Saved data entries
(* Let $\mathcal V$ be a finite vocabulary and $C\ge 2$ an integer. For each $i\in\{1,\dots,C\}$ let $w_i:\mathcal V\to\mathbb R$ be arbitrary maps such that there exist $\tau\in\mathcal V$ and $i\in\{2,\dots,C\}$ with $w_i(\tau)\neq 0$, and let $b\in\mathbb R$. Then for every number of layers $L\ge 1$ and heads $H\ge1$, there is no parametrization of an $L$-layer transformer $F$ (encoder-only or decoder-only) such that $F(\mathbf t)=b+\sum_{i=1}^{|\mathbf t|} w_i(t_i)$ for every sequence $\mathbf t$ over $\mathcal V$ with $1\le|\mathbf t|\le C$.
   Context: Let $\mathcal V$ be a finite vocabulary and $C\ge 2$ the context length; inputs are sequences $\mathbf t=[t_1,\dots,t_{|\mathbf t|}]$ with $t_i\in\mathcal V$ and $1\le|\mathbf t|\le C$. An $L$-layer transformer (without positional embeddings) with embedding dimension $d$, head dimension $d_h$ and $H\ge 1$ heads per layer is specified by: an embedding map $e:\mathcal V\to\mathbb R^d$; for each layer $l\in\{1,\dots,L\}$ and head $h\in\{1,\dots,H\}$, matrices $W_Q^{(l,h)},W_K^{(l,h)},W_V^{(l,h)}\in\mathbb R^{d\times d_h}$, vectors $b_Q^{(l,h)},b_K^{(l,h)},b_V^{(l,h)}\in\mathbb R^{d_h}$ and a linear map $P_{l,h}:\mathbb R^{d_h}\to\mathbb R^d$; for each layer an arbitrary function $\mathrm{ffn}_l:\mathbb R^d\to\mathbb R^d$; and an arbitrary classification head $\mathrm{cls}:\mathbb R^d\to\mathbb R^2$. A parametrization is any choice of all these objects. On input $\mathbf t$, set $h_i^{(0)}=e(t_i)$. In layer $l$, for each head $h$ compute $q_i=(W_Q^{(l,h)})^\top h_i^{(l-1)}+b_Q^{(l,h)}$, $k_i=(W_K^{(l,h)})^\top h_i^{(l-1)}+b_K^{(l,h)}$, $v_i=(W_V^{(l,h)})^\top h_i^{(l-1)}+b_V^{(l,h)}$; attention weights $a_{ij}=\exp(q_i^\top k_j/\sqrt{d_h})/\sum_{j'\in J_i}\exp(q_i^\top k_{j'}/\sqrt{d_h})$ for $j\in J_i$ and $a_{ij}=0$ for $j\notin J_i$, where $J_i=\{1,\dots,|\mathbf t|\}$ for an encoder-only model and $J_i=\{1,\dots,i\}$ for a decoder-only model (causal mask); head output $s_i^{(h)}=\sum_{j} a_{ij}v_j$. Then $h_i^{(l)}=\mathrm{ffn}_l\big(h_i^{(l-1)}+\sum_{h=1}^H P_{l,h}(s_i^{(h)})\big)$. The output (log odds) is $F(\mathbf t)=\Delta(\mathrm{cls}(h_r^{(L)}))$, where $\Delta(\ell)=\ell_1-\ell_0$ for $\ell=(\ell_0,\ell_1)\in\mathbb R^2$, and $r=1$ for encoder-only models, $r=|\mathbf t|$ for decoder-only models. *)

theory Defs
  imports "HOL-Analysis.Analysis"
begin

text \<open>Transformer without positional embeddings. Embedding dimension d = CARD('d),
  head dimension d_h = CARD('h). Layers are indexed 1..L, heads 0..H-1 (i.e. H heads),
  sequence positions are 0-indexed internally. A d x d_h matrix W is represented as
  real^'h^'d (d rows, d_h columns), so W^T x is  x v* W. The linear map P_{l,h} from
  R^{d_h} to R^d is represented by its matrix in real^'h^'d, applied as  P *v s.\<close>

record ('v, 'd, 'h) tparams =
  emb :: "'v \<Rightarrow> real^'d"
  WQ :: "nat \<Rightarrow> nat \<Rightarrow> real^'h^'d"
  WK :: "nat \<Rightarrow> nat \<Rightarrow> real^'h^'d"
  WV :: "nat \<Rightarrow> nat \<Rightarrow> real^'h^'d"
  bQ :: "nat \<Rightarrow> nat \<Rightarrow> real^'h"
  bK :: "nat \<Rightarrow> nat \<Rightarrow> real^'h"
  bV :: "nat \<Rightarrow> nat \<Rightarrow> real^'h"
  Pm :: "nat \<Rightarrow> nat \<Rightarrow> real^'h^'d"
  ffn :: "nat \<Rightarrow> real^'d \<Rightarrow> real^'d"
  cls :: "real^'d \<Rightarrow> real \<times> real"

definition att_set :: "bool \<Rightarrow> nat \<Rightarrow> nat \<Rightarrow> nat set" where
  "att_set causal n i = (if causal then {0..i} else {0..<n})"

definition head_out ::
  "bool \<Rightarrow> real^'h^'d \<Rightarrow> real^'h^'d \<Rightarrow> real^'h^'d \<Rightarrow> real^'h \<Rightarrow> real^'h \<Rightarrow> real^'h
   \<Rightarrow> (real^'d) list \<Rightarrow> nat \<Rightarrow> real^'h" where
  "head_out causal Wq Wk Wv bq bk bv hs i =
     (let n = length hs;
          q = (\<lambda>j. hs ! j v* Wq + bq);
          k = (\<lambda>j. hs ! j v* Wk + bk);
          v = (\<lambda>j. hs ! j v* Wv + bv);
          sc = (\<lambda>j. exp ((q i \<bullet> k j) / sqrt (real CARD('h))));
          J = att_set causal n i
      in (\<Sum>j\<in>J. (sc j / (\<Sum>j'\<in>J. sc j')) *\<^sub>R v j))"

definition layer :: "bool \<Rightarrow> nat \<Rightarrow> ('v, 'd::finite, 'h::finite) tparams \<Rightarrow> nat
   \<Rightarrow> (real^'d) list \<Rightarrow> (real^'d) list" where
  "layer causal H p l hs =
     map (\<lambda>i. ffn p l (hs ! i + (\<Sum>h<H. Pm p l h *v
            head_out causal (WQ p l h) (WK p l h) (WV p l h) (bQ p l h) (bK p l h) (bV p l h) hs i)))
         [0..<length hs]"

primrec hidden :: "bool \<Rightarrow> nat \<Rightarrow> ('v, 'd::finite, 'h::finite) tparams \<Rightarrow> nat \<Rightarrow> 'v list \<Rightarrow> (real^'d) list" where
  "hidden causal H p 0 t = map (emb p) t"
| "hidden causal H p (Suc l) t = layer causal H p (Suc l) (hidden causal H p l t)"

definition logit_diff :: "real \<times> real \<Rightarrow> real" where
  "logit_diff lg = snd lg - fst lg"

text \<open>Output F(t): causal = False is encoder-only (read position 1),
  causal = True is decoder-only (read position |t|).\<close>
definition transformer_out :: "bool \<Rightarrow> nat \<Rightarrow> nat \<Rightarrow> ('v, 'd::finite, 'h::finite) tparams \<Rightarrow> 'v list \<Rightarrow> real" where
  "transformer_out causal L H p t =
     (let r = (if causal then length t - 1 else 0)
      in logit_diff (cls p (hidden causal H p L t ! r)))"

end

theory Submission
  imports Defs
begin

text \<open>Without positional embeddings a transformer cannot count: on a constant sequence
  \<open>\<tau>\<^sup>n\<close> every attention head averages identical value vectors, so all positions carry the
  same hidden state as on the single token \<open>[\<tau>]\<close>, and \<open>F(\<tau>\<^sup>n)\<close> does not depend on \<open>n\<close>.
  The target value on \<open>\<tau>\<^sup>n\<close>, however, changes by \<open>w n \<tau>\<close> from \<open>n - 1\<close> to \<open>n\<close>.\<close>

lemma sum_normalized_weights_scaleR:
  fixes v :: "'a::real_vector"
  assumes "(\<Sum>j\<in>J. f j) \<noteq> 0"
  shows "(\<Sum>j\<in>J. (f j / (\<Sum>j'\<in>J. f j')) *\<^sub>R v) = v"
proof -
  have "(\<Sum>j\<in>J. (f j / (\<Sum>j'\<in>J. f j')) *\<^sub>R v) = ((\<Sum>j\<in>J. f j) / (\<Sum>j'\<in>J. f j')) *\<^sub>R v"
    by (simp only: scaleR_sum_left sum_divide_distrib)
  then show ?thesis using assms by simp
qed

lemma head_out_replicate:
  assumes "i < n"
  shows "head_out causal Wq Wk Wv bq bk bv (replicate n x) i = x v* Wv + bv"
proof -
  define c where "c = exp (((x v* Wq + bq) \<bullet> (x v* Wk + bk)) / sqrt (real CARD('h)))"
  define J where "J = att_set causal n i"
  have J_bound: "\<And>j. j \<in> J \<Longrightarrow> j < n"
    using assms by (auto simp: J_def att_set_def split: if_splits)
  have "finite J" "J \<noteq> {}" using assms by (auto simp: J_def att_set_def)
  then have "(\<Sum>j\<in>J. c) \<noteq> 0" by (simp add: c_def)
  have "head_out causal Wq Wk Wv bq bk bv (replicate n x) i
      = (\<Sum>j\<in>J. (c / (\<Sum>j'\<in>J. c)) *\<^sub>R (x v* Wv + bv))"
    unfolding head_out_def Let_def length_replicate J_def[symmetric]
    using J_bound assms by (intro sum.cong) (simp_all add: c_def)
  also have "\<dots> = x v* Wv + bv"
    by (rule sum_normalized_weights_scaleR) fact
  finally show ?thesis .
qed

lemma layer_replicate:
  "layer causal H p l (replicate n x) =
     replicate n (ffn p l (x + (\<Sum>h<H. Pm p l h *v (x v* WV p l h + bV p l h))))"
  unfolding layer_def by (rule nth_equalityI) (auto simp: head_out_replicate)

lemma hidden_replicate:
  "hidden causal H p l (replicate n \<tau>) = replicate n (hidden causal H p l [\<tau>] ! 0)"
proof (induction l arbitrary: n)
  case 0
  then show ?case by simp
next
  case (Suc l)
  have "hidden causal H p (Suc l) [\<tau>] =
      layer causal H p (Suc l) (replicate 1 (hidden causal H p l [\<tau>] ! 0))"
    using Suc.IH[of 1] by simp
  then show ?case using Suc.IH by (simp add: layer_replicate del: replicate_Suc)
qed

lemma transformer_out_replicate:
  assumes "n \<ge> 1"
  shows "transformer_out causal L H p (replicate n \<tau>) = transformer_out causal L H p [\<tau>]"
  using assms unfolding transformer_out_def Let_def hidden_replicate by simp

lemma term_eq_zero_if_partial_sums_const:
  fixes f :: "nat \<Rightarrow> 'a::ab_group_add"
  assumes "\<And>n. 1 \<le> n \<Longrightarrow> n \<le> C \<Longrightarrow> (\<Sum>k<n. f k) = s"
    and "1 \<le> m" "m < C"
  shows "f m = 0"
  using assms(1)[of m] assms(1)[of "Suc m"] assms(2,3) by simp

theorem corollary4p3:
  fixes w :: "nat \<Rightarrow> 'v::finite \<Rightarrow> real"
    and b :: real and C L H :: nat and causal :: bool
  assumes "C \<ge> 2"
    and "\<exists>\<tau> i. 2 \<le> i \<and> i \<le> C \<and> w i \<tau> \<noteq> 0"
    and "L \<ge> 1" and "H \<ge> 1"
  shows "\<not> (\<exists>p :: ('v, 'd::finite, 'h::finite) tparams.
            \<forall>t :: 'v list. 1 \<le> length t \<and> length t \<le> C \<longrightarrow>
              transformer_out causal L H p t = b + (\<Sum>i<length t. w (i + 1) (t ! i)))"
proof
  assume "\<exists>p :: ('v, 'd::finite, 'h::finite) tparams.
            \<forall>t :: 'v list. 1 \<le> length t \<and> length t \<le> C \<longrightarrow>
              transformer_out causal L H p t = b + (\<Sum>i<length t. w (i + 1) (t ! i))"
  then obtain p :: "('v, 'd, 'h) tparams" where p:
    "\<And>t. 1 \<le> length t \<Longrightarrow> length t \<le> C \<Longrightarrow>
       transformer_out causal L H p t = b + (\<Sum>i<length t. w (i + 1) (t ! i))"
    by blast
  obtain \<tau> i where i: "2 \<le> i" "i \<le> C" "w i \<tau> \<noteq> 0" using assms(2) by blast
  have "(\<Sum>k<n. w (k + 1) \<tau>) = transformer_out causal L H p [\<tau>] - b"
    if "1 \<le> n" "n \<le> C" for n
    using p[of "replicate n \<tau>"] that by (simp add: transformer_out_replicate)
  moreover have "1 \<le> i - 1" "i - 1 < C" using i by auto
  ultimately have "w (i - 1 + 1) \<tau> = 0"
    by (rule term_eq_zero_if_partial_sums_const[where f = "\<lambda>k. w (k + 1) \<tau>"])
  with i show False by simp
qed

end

(To do)
Could you return the lines in the entries above that contain "represented"?

(Exercise output)
  sequence positions are 0-indexed internally. A d x d_h matrix W is represented as
  R^{d_h} to R^d is represented by its matrix in real^'h^'d, applied as  P *v s.\<close>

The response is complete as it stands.